Postby rauni » Thu Jan 27, 2011 12:55 pm UTC

I found an way to prove that for any n-th order polynom with bounded coefficents (all coeffiecents < epsilon), the expected value of absolute average of root is infinite.

First, let polynom be in form a(x-x1)(x-x2)..(x-xn)=ax^n-(x1+x2+...+xn)x^(n-1)+...

Here we see that sum of roots is always -b/a. Let sum of roots be z.

This is not exactly what we need, because we need sum of absolutes of roots, but we have sum of roots. However, we can use to prove this that average of absolutes of roots is infinite.

Always |z|=|x1+x2+...+xn|<=|x1|+|x2|+...+|xn|. So, |z/n|<=(|x1|+...+|xn|)/n.

As shown by Yakk and gmalivuk, expected value for |z| is infinite, therefore so is |z/n| and expected value of average of absolutes of roots.

QED?

If this is correct, then we can do as imatrendytotebag said: try monic polynoms.

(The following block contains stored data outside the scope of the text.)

lemma hierarchical_comparison:
  fixes y :: "'i \<Rightarrow> real \<Rightarrow> real" and q :: "'i \<Rightarrow> 'i \<Rightarrow> real \<Rightarrow> real" and h :: "'i \<Rightarrow> nat"
  assumes T: "0 \<le> T" and l: "0 < l" and \<sigma>: "0 \<le> \<sigma>"
    and cont: "\<And>i. i \<in> I \<Longrightarrow> continuous_on {0..T} (y i)"
    and der: "\<And>i s. i \<in> I \<Longrightarrow> 0 < s \<Longrightarrow> s < T \<Longrightarrow>
         (y i has_real_derivative (\<Sum>j\<in>I-{i}. q i j s * (y j s - y i s))) (at s)"
    and q_nonneg: "\<And>i j s. i \<in> I \<Longrightarrow> j \<in> I-{i} \<Longrightarrow> 0 < s \<Longrightarrow> s < T \<Longrightarrow> 0 \<le> q i j s"
    and q_level: "\<And>i j s. i \<in> I \<Longrightarrow> j \<in> I-{i} \<Longrightarrow> 0 < s \<Longrightarrow> s < T \<Longrightarrow> q i j s \<noteq> 0 \<Longrightarrow> h j < h i"
    and rate: "\<And>i s. i \<in> I \<Longrightarrow> 0 < h i \<Longrightarrow> 0 < s \<Longrightarrow> s < T \<Longrightarrow> l \<le> (\<Sum>j\<in>I-{i}. q i j s)"
    and leader: "\<And>i s. i \<in> I \<Longrightarrow> h i = 0 \<Longrightarrow> 0 \<le> s \<Longrightarrow> s \<le> T \<Longrightarrow> y i s \<le> 0"
    and init: "\<And>i. i \<in> I \<Longrightarrow> y i 0 \<le> \<sigma>"
    and i: "i \<in> I" and t: "0 \<le> t" "t \<le> T"
  shows "y i t \<le> \<sigma> * erlang_surv l (h i) t"
  using i t
proof (induction "h i" arbitrary: i t rule: less_induct)
  case less
  show ?case
  proof (cases "h i")
    case 0
    then show ?thesis using leader less.prems by simp
  next
    case (Suc k)
    define D where "D s = y i s - \<sigma> * erlang_surv l (Suc k) s" for s
    define D' where "D' s = (\<Sum>j\<in>I-{i}. q i j s * (y j s - y i s))
        - \<sigma> * (l * (erlang_surv l k s - erlang_surv l (Suc k) s))" for s
    have "D t \<le> 0"
    proof (rule nonpos_barrier[of t D D'])
      show "continuous_on {0..t} D" unfolding D_def using less.prems
        by (intro continuous_intros continuous_on_erlang_surv continuous_on_subset[OF cont]) auto
      show "D 0 \<le> 0" unfolding D_def using init[OF less.prems(1)] by (simp add: erlang_surv_at_0)
      show "(D has_real_derivative D' s) (at s)" if "0 < s" "s < t" for s
        unfolding D_def D'_def using less.prems that
        by (intro DERIV_diff der DERIV_cmult erlang_surv_deriv) auto
      show "D' s \<le> 0" if s: "0 < s" "s < t" and pos: "D s > 0" for s
      proof -
        have "(\<Sum>j\<in>I-{i}. q i j s * (y j s - y i s)) \<le> l * (\<sigma> * erlang_surv l k s - y i s)"
        proof (rule sum_weighted_gap_le)
          fix j assume j: "j \<in> I-{i}"
          then show "0 \<le> q i j s" using q_nonneg less.prems s by auto
          assume "q i j s \<noteq> 0"
          then have "h j < h i" using q_level j less.prems s by auto
          then have "y j s \<le> \<sigma> * erlang_surv l (h j) s" using less.hyps j less.prems s by auto
          also have "\<dots> \<le> \<sigma> * erlang_surv l k s"
            using \<open>h j < h i\<close> Suc l s \<sigma> by (intro mult_left_mono erlang_surv_mono) auto
          finally show "y j s \<le> \<sigma> * erlang_surv l k s" .
        next
          have "\<sigma> * erlang_surv l k s \<le> \<sigma> * erlang_surv l (Suc k) s"
            using l s \<sigma> by (intro mult_left_mono erlang_surv_mono) auto
          then show "\<sigma> * erlang_surv l k s \<le> y i s" using pos unfolding D_def by simp
          show "l \<le> (\<Sum>j\<in>I-{i}. q i j s)" using rate Suc less.prems s by auto
        qed
        moreover have "l * (\<sigma> * erlang_surv l (Suc k) s) \<le> l * y i s"
          using pos l unfolding D_def by (intro mult_left_mono) auto
        ultimately show ?thesis unfolding D'_def by (simp add: algebra_simps)
      qed
    qed (use less.prems in auto)
    then show ?thesis unfolding D_def Suc by simp
  qed
qed
definition centroid :: "nat \<Rightarrow> pt set \<Rightarrow> pt" where
  "centroid d K = (\<lambda>i. if i < d then (\<Sum>x\<in>K. x i) / real (card K) else 0)"

definition phi_star :: "nat \<Rightarrow> pt set \<Rightarrow> real" where
  "phi_star d K = (\<Sum>x\<in>K. sqd d x (centroid d K))"

definition covered :: "pt set \<Rightarrow> pt set \<Rightarrow> bool" where
  "covered K C \<longleftrightarrow> K \<inter> C \<noteq> {}"

text \<open>phi(K,{}) = infinity, so K is never solved w.r.t. the empty set.\<close>
definition solved :: "nat \<Rightarrow> pt set \<Rightarrow> pt set \<Rightarrow> bool" where
  "solved d K C \<longleftrightarrow> C \<noteq> {} \<and> phi d K C \<le> 10^5 * phi_star d K"

text \<open>When phi(X,C) = 0 the D^2
  distribution is undefined; we then (by convention) sample uniformly -- this does not affect HIT,
  since then every nonempty cluster is covered.\<close>
definition d2_dist :: "nat \<Rightarrow> pt set \<Rightarrow> pt set \<Rightarrow> pt pmf" where
  "d2_dist d X C = (if C = {} \<or> phi d X C = 0 then pmf_of_set X
     else embed_pmf (\<lambda>x. if x \<in> X then phi_pt d x C / phi d X C else 0))"

fun iid_list :: "nat \<Rightarrow> 'a pmf \<Rightarrow> 'a list pmf" where
  "iid_list 0 p = return_pmf []"
| "iid_list (Suc n) p = bind_pmf p (\<lambda>x. map_pmf (\<lambda>xs. x # xs) (iid_list n p))"

type_synonym rule = "pt set \<Rightarrow> pt set \<Rightarrow> nat \<Rightarrow> nat \<Rightarrow> pt list \<Rightarrow> pt"

definition valid_rule :: "rule \<Rightarrow> pt set \<Rightarrow> nat \<Rightarrow> nat \<Rightarrow> bool" where
  "valid_rule R X k l \<longleftrightarrow> (\<forall>C cs. length cs = l \<longrightarrow> R X C k l cs \<in> set cs)"

text \<open>One round: state is (current centers, HIT count so far).\<close>
definition kpp_step :: "nat \<Rightarrow> rule \<Rightarrow> pt set \<Rightarrow> nat \<Rightarrow> nat \<Rightarrow> pt set \<Rightarrow> pt set \<times> nat \<Rightarrow> (pt set \<times> nat) pmf" where
  "kpp_step d R X k l K s = (case s of (C, h) \<Rightarrow>
     map_pmf (\<lambda>cs. (insert (R X C k l cs) C,
                    h + (if covered K C \<or> solved d K C then 0 else length (filter (\<lambda>c. c \<in> K) cs))))
       (iid_list l (d2_dist d X C)))"

fun kpp_run :: "nat \<Rightarrow> rule \<Rightarrow> pt set \<Rightarrow> nat \<Rightarrow> nat \<Rightarrow> pt set \<Rightarrow> nat \<Rightarrow> (pt set \<times> nat) pmf" where
  "kpp_run d R X k l K 0 = return_pmf ({}, 0)"
| "kpp_run d R X k l K (Suc i) = bind_pmf (kpp_run d R X k l K i) (kpp_step d R X k l K)"

definition expected_HIT :: "nat \<Rightarrow> rule \<Rightarrow> pt set \<Rightarrow> nat \<Rightarrow> nat \<Rightarrow> pt set \<Rightarrow> real" where
  "expected_HIT d R X k l K = measure_pmf.expectation (kpp_run d R X k l K k) (\<lambda>s. real (snd s))"

end

theory Submission
  imports Defs
begin

text \<open>Consider the potential HIT(K) + B [K is neither covered nor solved] with
  B = l k^(1 - 1/l). In a round where K is still unsettled and has D^2 mass p, HIT(K) grows in
  expectation by l p, while with probability p^l all l candidates lie in K, so that the selected
  center covers K and the potential drops by B. Since p \<le> t + p^l / t^(l-1) for every t > 0,
  the choice t = k^(-1/l) bounds the expected growth of the potential by l k^(-1/l) per round.
  After k rounds, E[HIT(K)] \<le> B + k l k^(-1/l) = 2 l k^(1 - 1/l).\<close>

lemma set_pmf_iid_list_length: "xs \<in> set_pmf (iid_list n p) \<Longrightarrow> length xs = n"
  by (induction n arbitrary: xs) auto

lemma nn_integral_iid_list_count:
  "(\<integral>\<^sup>+xs. of_nat (length (filter P xs)) \<partial>iid_list n p) = of_nat n * emeasure p {x. P x}"
proof (induction n)
  case (Suc n)
  have "(\<integral>\<^sup>+xs. of_nat (length (filter P xs)) \<partial>iid_list (Suc n) p)
      = (\<integral>\<^sup>+x. \<integral>\<^sup>+xs. indicator {x. P x} x + of_nat (length (filter P xs)) \<partial>iid_list n p \<partial>p)"
    by (auto intro!: nn_integral_cong simp: indicator_def)
  also have "\<dots> = (\<integral>\<^sup>+x. indicator {x. P x} x + of_nat n * emeasure p {x. P x} \<partial>p)"
    by (simp add: nn_integral_add measure_pmf.emeasure_space_1 Suc)
  also have "\<dots> = of_nat (Suc n) * emeasure p {x. P x}"
    by (simp add: nn_integral_add measure_pmf.emeasure_space_1 algebra_simps)
  finally show ?case .
qed simp

lemma emeasure_iid_list_all_in:
  "emeasure (iid_list n p) {xs. set xs \<subseteq> A} = emeasure p A ^ n"
proof (induction n)
  case (Suc n)
  have "emeasure (iid_list (Suc n) p) {xs. set xs \<subseteq> A}
      = (\<integral>\<^sup>+x. indicator A x * emeasure (iid_list n p) {xs. set xs \<subseteq> A} \<partial>p)"
    by (auto intro!: nn_integral_cong simp: vimage_def indicator_def)
  also have "\<dots> = emeasure p A ^ Suc n"
    by (simp add: Suc nn_integral_multc)
  finally show ?case .
qed simp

imatrendytotebag wrote:Maybe we can get a meaningful answer by requiring the polynomial to be monic, ie the leading coefficient is 1. Because any nth degree polynomial that is not monic has the same roots if you divide all coefficients by the leading coefficient, so by making the leading coefficient very small you can get rather large roots.

For 1st degree polynomials with leading coefficient 1 and constant term evenly distributed on [-epsilon,epsilon], the average distance of the root from 0 is epsilon/2.

I don't know about 2nd degree polynomials, but I imagine it's a bit more complicated. It is worth noting, however, that if the x coefficient and constant term are bounded by epsilon, the absolute value of the roots are less than epsilon + 1. In other words, the average distance should exist.

In second degree polynomials (and higher), we have two options. We can either restrict to polynomials with real roots, and let b and c be uniformly distributed given that the roots are real, or we let b and c be anything and use the complex distance formula. If we're in the latter scenario, it might be interesting to instead let b and c be complex numbers uniformly distributed on the circle of radius epsilon about 0.